(* Let K be R, C, H or O (Cayley-Dickson level k = 0,1,2,3), n = K^m + Im K, and h in N.
   Right multiplication R_l by an imaginary unit e_l is a signed permutation of the
   coordinates, x_j |-> +-x_(j xor l); it is skew, squares to -1 and is orthogonal.
   Writing c_l for the (e_l,e_l)-entry of h on g_2alpha, the derivation property applied to
   [x, R_l x] = 2|x|^2 e_l gives  c_l |x|^2 = <hx,x> + <h R_l x, R_l x>.  Evaluating it on the
   standard basis and summing (R_l permutes the basis) shows that all c_l coincide with
   2 tr(h|K)/2^k, so the trace condition forces c_l = 0.  Polarising then shows that h
   anticommutes with every R_l on g_alpha.  Conversely, self-adjoint maps of g_alpha that
   anticommute with the R_l, extended by zero on g_2alpha, are derivations, and they are
   traceless as soon as there is an imaginary unit.  Hence for C, N is the space of J-antilinear
   symmetric maps, for R it is the traceless symmetric maps, and for H and O an odd product
   of anticommuting R_l equals -1 (a volume element), which forces h = 0.
   The file first collects coordinate facts about the four algebras (checked by computation
   from the Cayley-Dickson recursion), then the linear algebra
   of n, then the general analysis of N inside a locale for the levels k <= 3, and finally
   specialises to the four cases of the theorem. *)

section \<open>Coordinates in the Cayley--Dickson algebras of level at most 3\<close>

definition cd_unit :: "nat \<Rightarrow> nat \<Rightarrow> real" where
  "cd_unit l = (\<lambda>j. if j = l then 1 else 0)"

lemma cd_mult_support: "2^k \<le> j \<Longrightarrow> cd_mult k a b j = 0"
  by (cases k) (auto simp: cd_join_def)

▬▬▬▬▬▬

* **YOUR INSTRUCTIONS**: Where does the string "shows" appear in the records above? Show every line that holds it.

* **RESULT OF THIS EXERCISE**:
   standard basis and summing (R_l permutes the basis) shows that all c_l coincide with
   2 tr(h|K)/2^k, so the trace condition forces c_l = 0.  Polarising then shows that h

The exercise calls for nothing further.